[Dataset Boundary: Start]
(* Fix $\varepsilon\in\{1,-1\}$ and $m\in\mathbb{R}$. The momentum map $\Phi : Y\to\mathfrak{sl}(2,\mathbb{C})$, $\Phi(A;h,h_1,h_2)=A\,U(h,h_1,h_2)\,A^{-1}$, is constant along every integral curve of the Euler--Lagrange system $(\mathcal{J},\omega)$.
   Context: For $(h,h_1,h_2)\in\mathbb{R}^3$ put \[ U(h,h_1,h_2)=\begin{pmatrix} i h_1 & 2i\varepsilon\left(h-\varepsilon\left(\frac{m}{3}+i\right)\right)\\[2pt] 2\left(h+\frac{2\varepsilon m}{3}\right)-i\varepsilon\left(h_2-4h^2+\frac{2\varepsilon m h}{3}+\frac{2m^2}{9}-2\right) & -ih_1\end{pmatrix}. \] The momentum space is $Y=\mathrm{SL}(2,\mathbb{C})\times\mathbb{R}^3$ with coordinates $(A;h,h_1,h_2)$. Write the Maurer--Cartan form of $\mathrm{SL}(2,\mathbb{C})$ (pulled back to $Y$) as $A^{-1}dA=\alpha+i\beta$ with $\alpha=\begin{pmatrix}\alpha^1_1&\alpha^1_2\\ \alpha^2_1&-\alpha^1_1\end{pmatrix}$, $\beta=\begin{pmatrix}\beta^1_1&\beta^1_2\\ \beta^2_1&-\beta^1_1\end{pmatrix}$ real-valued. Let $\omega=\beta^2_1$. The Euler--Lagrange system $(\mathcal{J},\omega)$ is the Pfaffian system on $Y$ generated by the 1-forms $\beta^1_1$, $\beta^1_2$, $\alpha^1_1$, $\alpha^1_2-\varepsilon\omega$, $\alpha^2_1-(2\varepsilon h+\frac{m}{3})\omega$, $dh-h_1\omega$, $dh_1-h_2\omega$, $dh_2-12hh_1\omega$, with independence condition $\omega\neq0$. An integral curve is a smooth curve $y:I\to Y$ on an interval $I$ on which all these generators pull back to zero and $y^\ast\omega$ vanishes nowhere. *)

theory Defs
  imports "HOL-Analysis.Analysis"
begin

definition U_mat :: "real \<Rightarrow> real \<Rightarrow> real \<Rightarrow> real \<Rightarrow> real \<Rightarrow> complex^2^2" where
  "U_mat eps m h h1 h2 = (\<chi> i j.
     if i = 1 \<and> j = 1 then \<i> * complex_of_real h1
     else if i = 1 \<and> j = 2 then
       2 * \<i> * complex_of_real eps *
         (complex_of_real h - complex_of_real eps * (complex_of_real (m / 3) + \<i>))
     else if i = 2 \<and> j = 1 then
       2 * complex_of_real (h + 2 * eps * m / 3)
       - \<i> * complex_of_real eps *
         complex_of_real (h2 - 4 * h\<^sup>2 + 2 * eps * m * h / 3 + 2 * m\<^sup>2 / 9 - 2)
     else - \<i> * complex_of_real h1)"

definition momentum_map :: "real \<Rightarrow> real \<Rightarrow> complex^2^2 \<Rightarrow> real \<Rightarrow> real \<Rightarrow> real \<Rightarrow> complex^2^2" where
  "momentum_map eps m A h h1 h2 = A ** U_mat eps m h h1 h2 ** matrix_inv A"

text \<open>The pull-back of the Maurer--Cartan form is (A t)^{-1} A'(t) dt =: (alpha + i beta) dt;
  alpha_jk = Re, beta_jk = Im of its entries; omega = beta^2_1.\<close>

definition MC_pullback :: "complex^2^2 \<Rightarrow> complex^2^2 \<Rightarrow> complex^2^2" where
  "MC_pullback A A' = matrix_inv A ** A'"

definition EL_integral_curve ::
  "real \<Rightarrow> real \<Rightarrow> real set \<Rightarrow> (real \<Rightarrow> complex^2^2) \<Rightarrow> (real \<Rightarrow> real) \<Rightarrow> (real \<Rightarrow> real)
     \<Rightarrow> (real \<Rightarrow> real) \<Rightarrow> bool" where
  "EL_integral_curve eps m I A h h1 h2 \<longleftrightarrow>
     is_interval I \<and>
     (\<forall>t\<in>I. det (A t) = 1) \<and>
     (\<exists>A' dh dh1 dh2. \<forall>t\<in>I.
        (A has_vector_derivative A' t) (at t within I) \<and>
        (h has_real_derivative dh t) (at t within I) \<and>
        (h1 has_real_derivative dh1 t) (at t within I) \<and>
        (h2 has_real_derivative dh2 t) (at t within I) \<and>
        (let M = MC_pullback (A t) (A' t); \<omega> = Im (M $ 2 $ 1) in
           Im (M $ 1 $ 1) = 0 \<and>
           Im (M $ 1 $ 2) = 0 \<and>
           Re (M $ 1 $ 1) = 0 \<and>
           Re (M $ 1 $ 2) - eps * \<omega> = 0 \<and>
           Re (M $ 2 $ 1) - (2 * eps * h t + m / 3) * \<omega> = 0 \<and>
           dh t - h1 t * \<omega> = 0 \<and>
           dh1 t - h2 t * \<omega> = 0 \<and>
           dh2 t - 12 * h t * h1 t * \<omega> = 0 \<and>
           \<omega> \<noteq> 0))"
[Dataset Boundary: End]
__Your objective__.
Each entry given above is to be duplicated exactly.

__Answer to the problem__.
(* Fix $\varepsilon\in\{1,-1\}$ and $m\in\mathbb{R}$. The momentum map $\Phi : Y\to\mathfrak{sl}(2,\mathbb{C})$, $\Phi(A;h,h_1,h_2)=A\,U(h,h_1,h_2)\,A^{-1}$, is constant along every integral curve of the Euler--Lagrange system $(\mathcal{J},\omega)$.
   Context: For $(h,h_1,h_2)\in\mathbb{R}^3$ put \[ U(h,h_1,h_2)=\begin{pmatrix} i h_1 & 2i\varepsilon\left(h-\varepsilon\left(\frac{m}{3}+i\right)\right)\\[2pt] 2\left(h+\frac{2\varepsilon m}{3}\right)-i\varepsilon\left(h_2-4h^2+\frac{2\varepsilon m h}{3}+\frac{2m^2}{9}-2\right) & -ih_1\end{pmatrix}. \] The momentum space is $Y=\mathrm{SL}(2,\mathbb{C})\times\mathbb{R}^3$ with coordinates $(A;h,h_1,h_2)$. Write the Maurer--Cartan form of $\mathrm{SL}(2,\mathbb{C})$ (pulled back to $Y$) as $A^{-1}dA=\alpha+i\beta$ with $\alpha=\begin{pmatrix}\alpha^1_1&\alpha^1_2\\ \alpha^2_1&-\alpha^1_1\end{pmatrix}$, $\beta=\begin{pmatrix}\beta^1_1&\beta^1_2\\ \beta^2_1&-\beta^1_1\end{pmatrix}$ real-valued. Let $\omega=\beta^2_1$. The Euler--Lagrange system $(\mathcal{J},\omega)$ is the Pfaffian system on $Y$ generated by the 1-forms $\beta^1_1$, $\beta^1_2$, $\alpha^1_1$, $\alpha^1_2-\varepsilon\omega$, $\alpha^2_1-(2\varepsilon h+\frac{m}{3})\omega$, $dh-h_1\omega$, $dh_1-h_2\omega$, $dh_2-12hh_1\omega$, with independence condition $\omega\neq0$. An integral curve is a smooth curve $y:I\to Y$ on an interval $I$ on which all these generators pull back to zero and $y^\ast\omega$ vanishes nowhere. *)

theory Defs
  imports "HOL-Analysis.Analysis"
begin

definition U_mat :: "real \<Rightarrow> real \<Rightarrow> real \<Rightarrow> real \<Rightarrow> real \<Rightarrow> complex^2^2" where
  "U_mat eps m h h1 h2 = (\<chi> i j.
     if i = 1 \<and> j = 1 then \<i> * complex_of_real h1
     else if i = 1 \<and> j = 2 then
       2 * \<i> * complex_of_real eps *
         (complex_of_real h - complex_of_real eps * (complex_of_real (m / 3) + \<i>))
     else if i = 2 \<and> j = 1 then
       2 * complex_of_real (h + 2 * eps * m / 3)
       - \<i> * complex_of_real eps *
         complex_of_real (h2 - 4 * h\<^sup>2 + 2 * eps * m * h / 3 + 2 * m\<^sup>2 / 9 - 2)
     else - \<i> * complex_of_real h1)"

definition momentum_map :: "real \<Rightarrow> real \<Rightarrow> complex^2^2 \<Rightarrow> real \<Rightarrow> real \<Rightarrow> real \<Rightarrow> complex^2^2" where
  "momentum_map eps m A h h1 h2 = A ** U_mat eps m h h1 h2 ** matrix_inv A"

text \<open>The pull-back of the Maurer--Cartan form is (A t)^{-1} A'(t) dt =: (alpha + i beta) dt;
  alpha_jk = Re, beta_jk = Im of its entries; omega = beta^2_1.\<close>

definition MC_pullback :: "complex^2^2 \<Rightarrow> complex^2^2 \<Rightarrow> complex^2^2" where
  "MC_pullback A A' = matrix_inv A ** A'"

definition EL_integral_curve ::
  "real \<Rightarrow> real \<Rightarrow> real set \<Rightarrow> (real \<Rightarrow> complex^2^2) \<Rightarrow> (real \<Rightarrow> real) \<Rightarrow> (real \<Rightarrow> real)
     \<Rightarrow> (real \<Rightarrow> real) \<Rightarrow> bool" where
  "EL_integral_curve eps m I A h h1 h2 \<longleftrightarrow>
     is_interval I \<and>
     (\<forall>t\<in>I. det (A t) = 1) \<and>
     (\<exists>A' dh dh1 dh2. \<forall>t\<in>I.
        (A has_vector_derivative A' t) (at t within I) \<and>
        (h has_real_derivative dh t) (at t within I) \<and>
        (h1 has_real_derivative dh1 t) (at t within I) \<and>
        (h2 has_real_derivative dh2 t) (at t within I) \<and>
        (let M = MC_pullback (A t) (A' t); \<omega> = Im (M $ 2 $ 1) in
           Im (M $ 1 $ 1) = 0 \<and>
           Im (M $ 1 $ 2) = 0 \<and>
           Re (M $ 1 $ 1) = 0 \<and>
           Re (M $ 1 $ 2) - eps * \<omega> = 0 \<and>
           Re (M $ 2 $ 1) - (2 * eps * h t + m / 3) * \<omega> = 0 \<and>
           dh t - h1 t * \<omega> = 0 \<and>
           dh1 t - h2 t * \<omega> = 0 \<and>
           dh2 t - 12 * h t * h1 t * \<omega> = 0 \<and>
           \<omega> \<noteq> 0))"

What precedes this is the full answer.